Bruno, Space, Art

____ was considering mortality and what comes afterwards and he was willing to consider certain notions in abstract, he’s stubbornly dismissive of non-normative, non-consensus phenomenon.

Potentiality decreases over the course of a life time, and death is an end to one’s potentiality (beyond this point only actuality lies).

(Of course, be sure of one’s commitments.)

Bruno’s notion of loci as a “place” to store subjects/images in the MP suggests to me, as I think about it, the sacred spaces magick seeks to fashion, the liminal points where Otherworldly power and forces can come to bear.

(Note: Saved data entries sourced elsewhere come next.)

(* Let $\mathcal{C}$ be a fusion category and let $G(\mathcal{C})$ be the group of isomorphism classes of invertible simple objects. Suppose that $|G(\mathcal{C})|$ is a power of a prime $p$ and that $\gcd(|\mathrm{Irr}_\alpha(\mathcal{C})|, p) = 1$ for some $\alpha > 1$. Then there exists $X \in \mathrm{Irr}_\alpha(\mathcal{C})$ such that $G[X] = G(\mathcal{C})$.
   Context: $\mathrm{Irr}_\alpha(\mathcal{C})$ denotes the set of isomorphism classes of simple objects of $\mathcal{C}$ of Frobenius–Perron dimension $\alpha$. The group $G(\mathcal{C})$ acts on the set of isomorphism classes of simple objects by left tensor product, and $G[X]$ denotes the stabilizer of $X$ under this action (i.e. $\{g : g\otimes X\cong X\}$). *)

theory Defs
  imports Complex_Main "HOL-Computational_Algebra.Primes"
begin

text \<open>A fusion category is modelled through its Grothendieck (fusion) ring data:
  S = set of isomorphism classes of simple objects, one = unit object,
  N X Y Z = multiplicity of the simple Z in X \<otimes> Y, dual X = X^*.\<close>

definition fusion_ring :: "'a set \<Rightarrow> 'a \<Rightarrow> ('a \<Rightarrow> 'a \<Rightarrow> 'a \<Rightarrow> nat) \<Rightarrow> ('a \<Rightarrow> 'a) \<Rightarrow> bool" where
  "fusion_ring S one N dual \<longleftrightarrow>
     finite S \<and> one \<in> S \<and>
     (\<forall>x\<in>S. dual x \<in> S \<and> dual (dual x) = x) \<and>
     (\<forall>x\<in>S. \<forall>z\<in>S. N one x z = (if z = x then 1 else 0) \<and> N x one z = (if z = x then 1 else 0)) \<and>
     (\<forall>x\<in>S. \<forall>y\<in>S. \<forall>z\<in>S. \<forall>w\<in>S.
         (\<Sum>u\<in>S. N x y u * N u z w) = (\<Sum>v\<in>S. N y z v * N x v w)) \<and>
     (\<forall>x\<in>S. \<forall>y\<in>S. N x y one = (if y = dual x then 1 else 0)) \<and>
     (\<forall>x\<in>S. \<forall>y\<in>S. \<forall>z\<in>S. N x y (dual z) = N y z (dual x))"
lemma ker_poly_eval_eq_ext_ideal:
  assumes \<phi>: "falg_hom e id \<phi>" and \<sigma>\<phi>: "\<And>r. \<phi> (\<sigma> r) = \<phi> r" and \<delta>\<phi>: "\<And>r. \<phi> (\<delta> r) = 0"
  defines "\<Phi> \<equiv> ore_eval \<iota> x (\<lambda>r. [:\<phi> r:]) [:0, 1:]"
  shows "falg_hom (\<iota> \<circ> e) (\<lambda>c. [:c:]) \<Phi>" and "surj \<Phi>" and "ext_ideal \<iota> {a. \<phi> a = 0} = {t. \<Phi> t = 0}"
proof -
  have pr: "rhom \<phi>" and pe: "\<And>c. \<phi> (e c) = c" using \<phi> unfolding falg_hom_def by auto
  note psi = rhom_const_poly[OF pr]
  have rel: "[:\<phi> (\<sigma> r):] * [:0, 1:] + [:\<phi> (\<delta> r):] = [:0, 1:] * [:\<phi> r:]" for r
    by (simp add: \<sigma>\<phi> \<delta>\<phi> mult.commute)
  have \<Phi>_sum: "\<Phi> (\<Sum>i\<in>S. \<iota> (k i) * x ^ i) = (\<Sum>i\<in>S. monom (\<phi> (k i)) i)" if "finite S" for S k
    unfolding \<Phi>_def using ore_eval_monom_sum[OF psi rel that] by (simp add: monom_altdef)
  have \<Phi>_rhom: "rhom \<Phi>" unfolding \<Phi>_def by (rule ore_eval_rhom[OF psi rel])
  have \<Phi>_iota: "\<Phi> (\<iota> r) = [:\<phi> r:]" for r unfolding \<Phi>_def by (rule ore_eval_iota[OF psi rel])
  show "falg_hom (\<iota> \<circ> e) (\<lambda>c. [:c:]) \<Phi>" unfolding falg_hom_def using \<Phi>_rhom \<Phi>_iota pe by simp
  show "surj \<Phi>"
  proof (rule surjI)
    fix p :: "'f poly"
    show "\<Phi> (\<Sum>i\<le>degree p. \<iota> (e (coeff p i)) * x ^ i) = p"
      by (simp add: \<Phi>_sum pe poly_as_sum_of_monoms)
  qed
  show "ext_ideal \<iota> {a. \<phi> a = 0} = {t. \<Phi> t = 0}"
  proof
    show "ext_ideal \<iota> {a. \<phi> a = 0} \<subseteq> {t. \<Phi> t = 0}"
      by (rule ext_ideal_subset_ker[OF \<Phi>_rhom]) (simp add: \<Phi>_iota)
  next
    show "{t. \<Phi> t = 0} \<subseteq> ext_ideal \<iota> {a. \<phi> a = 0}"
    proof
      fix t assume "t \<in> {t. \<Phi> t = 0}"
      moreover obtain N where N: "t = (\<Sum>i<N. \<iota> (ore_coeff \<iota> x t i) * x ^ i)"
        using ore_expansion_lessThan by metis
      then have "\<Phi> t = (\<Sum>i<N. monom (\<phi> (ore_coeff \<iota> x t i)) i)"
        by (metis \<Phi>_sum finite_lessThan)
      ultimately have sum0: "(\<Sum>i<N. monom (\<phi> (ore_coeff \<iota> x t i)) i) = 0" by simp
      have "\<phi> (ore_coeff \<iota> x t j) = 0" if "j < N" for j
        using arg_cong[OF sum0, of "\<lambda>p. coeff p j"] that by (simp add: coeff_sum)
      then show "t \<in> ext_ideal \<iota> {a. \<phi> a = 0}" unfolding ext_ideal_def
        by (intro CollectI exI[of _ N] exI[of _ "ore_coeff \<iota> x t"] exI[of _ "\<lambda>j. x ^ j"]) (use N in auto)
    qed
  qed
qed

lemma ore_monomial_congruence:
  assumes \<phi>: "falg_hom e id \<phi>" and J: "two_ideal J"
    and mT: "ext_ideal \<iota> {a. \<phi> a = 0} \<subseteq> J" and xc: "x - \<iota> (e c) \<in> J"
  shows "\<iota> r * x ^ i - \<iota> (e (\<phi> r * c ^ i)) \<in> J"
proof -
  have pr: "rhom \<phi>" and pe: "\<And>c. \<phi> (e c) = c" using \<phi> unfolding falg_hom_def by auto
  define z where "z = \<iota> (e c)"
  have "\<iota> (e (\<phi> r)) * z ^ i = z ^ i * \<iota> (e (\<phi> r))"
    unfolding z_def by (metis mult.commute rhom_mult[OF iota_rhom] rhom_mult[OF e_rhom]
        rhom_power[OF iota_rhom] rhom_power[OF e_rhom])
  then have split: "\<iota> r * x ^ i - \<iota> (e (\<phi> r * c ^ i))
      = \<iota> (r - e (\<phi> r)) * x ^ i + \<iota> (e (\<phi> r)) * (x ^ i - z ^ i)"
    unfolding z_def by (simp add: rhom_diff[OF iota_rhom] rhom_mult[OF iota_rhom] rhom_mult[OF e_rhom]
        rhom_power[OF iota_rhom] rhom_power[OF e_rhom] algebra_simps)
  have "\<iota> (r - e (\<phi> r)) * x ^ i \<in> ext_ideal \<iota> {a. \<phi> a = 0}"
    unfolding ext_ideal_def
    by (rule CollectI, rule exI[of _ 1], rule exI[of _ "\<lambda>_. r - e (\<phi> r)"], rule exI[of _ "\<lambda>_. x ^ i"])
      (simp add: rhom_diff[OF pr] pe)
  moreover have "x ^ i - z ^ i \<in> J"
    using two_ideal_power_diff[OF J] xc unfolding z_def .
  ultimately show ?thesis
    unfolding split using J mT by (metis subsetD two_ideal_add two_ideal_mult_left)
qed

lemma ker_ore_eval_eq_ideal_gen:
  assumes \<phi>: "falg_hom e id \<phi>" and \<sigma>\<phi>: "\<And>r. \<phi> (\<sigma> r) = \<phi> r" and \<delta>\<phi>: "\<And>r. \<phi> (\<delta> r) = 0"
  shows "{t. ore_eval \<iota> x \<phi> c t = 0} = ideal_gen (ext_ideal \<iota> {a. \<phi> a = 0} \<union> {x - \<iota> (e c)})"
proof -
  have pr: "rhom \<phi>" and pe: "\<And>c. \<phi> (e c) = c" using \<phi> unfolding falg_hom_def by auto
  have rel: "\<phi> (\<sigma> r) * c + \<phi> (\<delta> r) = c * \<phi> r" for r by (simp add: \<sigma>\<phi> \<delta>\<phi> mult.commute)
  note \<chi>_rhom = ore_eval_rhom[OF pr rel] and \<chi>_iota = ore_eval_iota[OF pr rel]
  let ?\<chi> = "ore_eval \<iota> x \<phi> c"
  let ?S = "ext_ideal \<iota> {a. \<phi> a = 0} \<union> {x - \<iota> (e c)}"
  show ?thesis
  proof
    have "ext_ideal \<iota> {a. \<phi> a = 0} \<subseteq> {t. ?\<chi> t = 0}"
      by (rule ext_ideal_subset_ker[OF \<chi>_rhom]) (simp add: \<chi>_iota)
    moreover have "?\<chi> (x - \<iota> (e c)) = 0"
      by (simp add: rhom_diff[OF \<chi>_rhom] ore_eval_x[OF pr rel] \<chi>_iota pe)
    ultimately have "?S \<subseteq> {t. ?\<chi> t = 0}" by blast
    then show "ideal_gen ?S \<subseteq> {t. ?\<chi> t = 0}"
      by (rule ideal_gen_least[OF two_ideal_ker[OF \<chi>_rhom]])
  next
    show "{t. ?\<chi> t = 0} \<subseteq> ideal_gen ?S"
    proof (intro subsetI, unfold mem_ideal_gen_iff, intro allI impI)
      fix t J assume t0: "t \<in> {t. ?\<chi> t = 0}" and "two_ideal J \<and> ?S \<subseteq> J"
      then have J: "two_ideal J" and mT: "ext_ideal \<iota> {a. \<phi> a = 0} \<subseteq> J" and xc: "x - \<iota> (e c) \<in> J"
        by auto
      obtain N where N: "t = (\<Sum>i<N. \<iota> (ore_coeff \<iota> x t i) * x ^ i)"
        using ore_expansion_lessThan by metis
      define k where "k = ore_coeff \<iota> x t"
      have "(\<Sum>i<N. \<phi> (k i) * c ^ i) = 0"
        using t0 N ore_eval_monom_sum[OF pr rel, of "{..<N}" k] unfolding k_def by simp
      then have "(\<Sum>i<N. \<iota> (e (\<phi> (k i) * c ^ i))) = 0"
        by (simp add: rhom_sum[OF iota_rhom, symmetric] rhom_sum[OF e_rhom, symmetric]
            rhom_0[OF iota_rhom] rhom_0[OF e_rhom])
      then have "t = (\<Sum>i<N. \<iota> (k i) * x ^ i - \<iota> (e (\<phi> (k i) * c ^ i)))"
        unfolding sum_subtractf k_def N[symmetric] by simp
      also have "\<dots> \<in> J"
        by (intro two_ideal_sum[OF J] ore_monomial_congruence[OF \<phi> J mT xc])
      finally show "t \<in> J" .
    qed
  qed
qed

The Morrigan has told me not to underestimate this art, praxis, etc., but I have, for insufficient understanding. In one sense, there’s the aesthetic and ambience quality of magical spaces. (And I want to clean and refresh my own space, in general.) At the same time, I feel that these spaces are performative spaces. Aesthetic spaces. Canvases. But this principle extends beyond spacial metaphors and into other conceptual frames: the body, periods, experiences, roles, etc.

Bruno’s wheel and his classical mythical agents/scenes also suggest a kind of alphabet of desire, to draw on AOS, but I think the narrative frame—and memory, adject, and experientiality—says something about memory, desire, will, etc. Bruno also organizes his system via People/Agent > Action > Props/Tools > Locales, etc. He encourages persons to seek their own catalog of images, narratives, etc., as they move themselves. The combinations and elements reflect the adjects he spoke of earlier. You create combinations of scenes, actors, and actions, etc., intersecting with others, after a point.